### TO DO
Please transcribe the following records in full, exactly as given.

Saved entries:
(* The odd part s B(c) = (p(ac - bs) - p(ac + bs))/2 is bounded by M, so Schur's inequality
   applies to B and bounds B(1) = -b p'(a). *)
lemma bernstein:
  fixes p :: "real poly"
  assumes n: "n > 0" "degree p \<le> n"
    and bd: "\<And>x. x \<in> {-1..1} \<Longrightarrow> \<bar>poly p x\<bar> \<le> M"
    and a: "a \<in> {-1..1}"
  shows "sqrt (1 - a^2) * \<bar>poly (pderiv p) a\<bar> \<le> real n * M"
proof -
  define b where "b = sqrt (1 - a^2)"
  have a2: "a^2 \<le> 1" using a by (simp add: abs_square_le_1 abs_le_iff)
  have b0: "b \<ge> 0" unfolding b_def using a2 by simp
  have ab: "a^2 + b^2 = 1" unfolding b_def using a2 by simp
  obtain A B where dB: "B = 0 \<or> degree B < degree p"
    and split: "\<forall>c s. s^2 = 1 - c^2 \<longrightarrow> poly p (a*c - b*s) = poly A c + s * poly B c"
    and B_1: "poly B 1 = - b * poly (pderiv p) a"
    using rotation_decomposition[of p a b] by blast
  have odd_part: "sqrt (1 - c^2) * \<bar>poly B c\<bar> \<le> M" if c: "c \<in> {-1..1}" for c
  proof -
    define s where "s = sqrt (1 - c^2)"
    have c2: "c^2 \<le> 1" using c by (simp add: abs_square_le_1 abs_le_iff)
    have s0: "s \<ge> 0" and ss: "s^2 = 1 - c^2" unfolding s_def using c2 by simp_all
    have "poly p (a*c - b*s) = poly A c + s * poly B c"
      and "poly p (a*c - b*(-s)) = poly A c + (-s) * poly B c"
      using split[rule_format, of s c] split[rule_format, of "-s" c] ss by simp_all
    hence "2 * (s * poly B c) = poly p (a*c - b*s) - poly p (a*c - b*(-s))"
      by simp
    moreover have "a*c - b*s \<in> {-1..1}"
      by (rule rotation_in_interval) (use ab ss in simp_all)
    hence "\<bar>poly p (a*c - b*s)\<bar> \<le> M" by (rule bd)
    moreover have "a*c - b*(-s) \<in> {-1..1}"
      by (rule rotation_in_interval) (use ab ss in simp_all)
    hence "\<bar>poly p (a*c - b*(-s))\<bar> \<le> M" by (rule bd)
    ultimately have "\<bar>2 * (s * poly B c)\<bar> \<le> 2 * M"
      by linarith
    thus ?thesis using s0 unfolding s_def[symmetric] by (simp add: abs_mult)
  qed
  have "degree B < n" using dB n by auto
  hence "\<bar>poly B 1\<bar> \<le> real n * M" by (rule schur[OF n(1) _ odd_part]) auto
  thus ?thesis using B_1 b0 unfolding b_def[symmetric] by (simp add: abs_mult)
qed

lemma markov:
  fixes p :: "real poly"
  assumes n: "degree p \<le> n"
    and bd: "\<And>x. x \<in> {-1..1} \<Longrightarrow> \<bar>poly p x\<bar> \<le> M"
    and y: "y \<in> {-1..1}"
  shows "\<bar>poly (pderiv p) y\<bar> \<le> real n ^ 2 * M"
proof (cases "n = 0")
  case True
  hence "pderiv p = 0" using n by (simp add: pderiv_eq_0_iff)
  moreover have "M \<ge> 0" using bd[of 0] by simp
  ultimately show ?thesis by simp
next
  case False
  have "degree (pderiv p) < n" using n False by (simp add: degree_pderiv)
  hence "\<bar>poly (pderiv p) y\<bar> \<le> real n * (real n * M)"
    using False by (intro schur[OF _ _ bernstein[OF _ n bd] y]) auto
  thus ?thesis by (simp add: power2_eq_square)
qed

### WRITTEN RESPONSE
(* The odd part s B(c) = (p(ac - bs) - p(ac + bs))/2 is bounded by M, so Schur's inequality
   applies to B and bounds B(1) = -b p'(a). *)
lemma bernstein:
  fixes p :: "real poly"
  assumes n: "n > 0" "degree p \<le> n"
    and bd: "\<And>x. x \<in> {-1..1} \<Longrightarrow> \<bar>poly p x\<bar> \<le> M"
    and a: "a \<in> {-1..1}"
  shows "sqrt (1 - a^2) * \<bar>poly (pderiv p) a\<bar> \<le> real n * M"
proof -
  define b where "b = sqrt (1 - a^2)"
  have a2: "a^2 \<le> 1" using a by (simp add: abs_square_le_1 abs_le_iff)
  have b0: "b \<ge> 0" unfolding b_def using a2 by simp
  have ab: "a^2 + b^2 = 1" unfolding b_def using a2 by simp
  obtain A B where dB: "B = 0 \<or> degree B < degree p"
    and split: "\<forall>c s. s^2 = 1 - c^2 \<longrightarrow> poly p (a*c - b*s) = poly A c + s * poly B c"
    and B_1: "poly B 1 = - b * poly (pderiv p) a"
    using rotation_decomposition[of p a b] by blast
  have odd_part: "sqrt (1 - c^2) * \<bar>poly B c\<bar> \<le> M" if c: "c \<in> {-1..1}" for c
  proof -
    define s where "s = sqrt (1 - c^2)"
    have c2: "c^2 \<le> 1" using c by (simp add: abs_square_le_1 abs_le_iff)
    have s0: "s \<ge> 0" and ss: "s^2 = 1 - c^2" unfolding s_def using c2 by simp_all
    have "poly p (a*c - b*s) = poly A c + s * poly B c"
      and "poly p (a*c - b*(-s)) = poly A c + (-s) * poly B c"
      using split[rule_format, of s c] split[rule_format, of "-s" c] ss by simp_all
    hence "2 * (s * poly B c) = poly p (a*c - b*s) - poly p (a*c - b*(-s))"
      by simp
    moreover have "a*c - b*s \<in> {-1..1}"
      by (rule rotation_in_interval) (use ab ss in simp_all)
    hence "\<bar>poly p (a*c - b*s)\<bar> \<le> M" by (rule bd)
    moreover have "a*c - b*(-s) \<in> {-1..1}"
      by (rule rotation_in_interval) (use ab ss in simp_all)
    hence "\<bar>poly p (a*c - b*(-s))\<bar> \<le> M" by (rule bd)
    ultimately have "\<bar>2 * (s * poly B c)\<bar> \<le> 2 * M"
      by linarith
    thus ?thesis using s0 unfolding s_def[symmetric] by (simp add: abs_mult)
  qed
  have "degree B < n" using dB n by auto
  hence "\<bar>poly B 1\<bar> \<le> real n * M" by (rule schur[OF n(1) _ odd_part]) auto
  thus ?thesis using B_1 b0 unfolding b_def[symmetric] by (simp add: abs_mult)
qed

lemma markov:
  fixes p :: "real poly"
  assumes n: "degree p \<le> n"
    and bd: "\<And>x. x \<in> {-1..1} \<Longrightarrow> \<bar>poly p x\<bar> \<le> M"
    and y: "y \<in> {-1..1}"
  shows "\<bar>poly (pderiv p) y\<bar> \<le> real n ^ 2 * M"
proof (cases "n = 0")
  case True
  hence "pderiv p = 0" using n by (simp add: pderiv_eq_0_iff)
  moreover have "M \<ge> 0" using bd[of 0] by simp
  ultimately show ?thesis by simp
next
  case False
  have "degree (pderiv p) < n" using n False by (simp add: degree_pderiv)
  hence "\<bar>poly (pderiv p) y\<bar> \<le> real n * (real n * M)"
    using False by (intro schur[OF _ _ bernstein[OF _ n bd] y]) auto
  thus ?thesis by (simp add: power2_eq_square)
qed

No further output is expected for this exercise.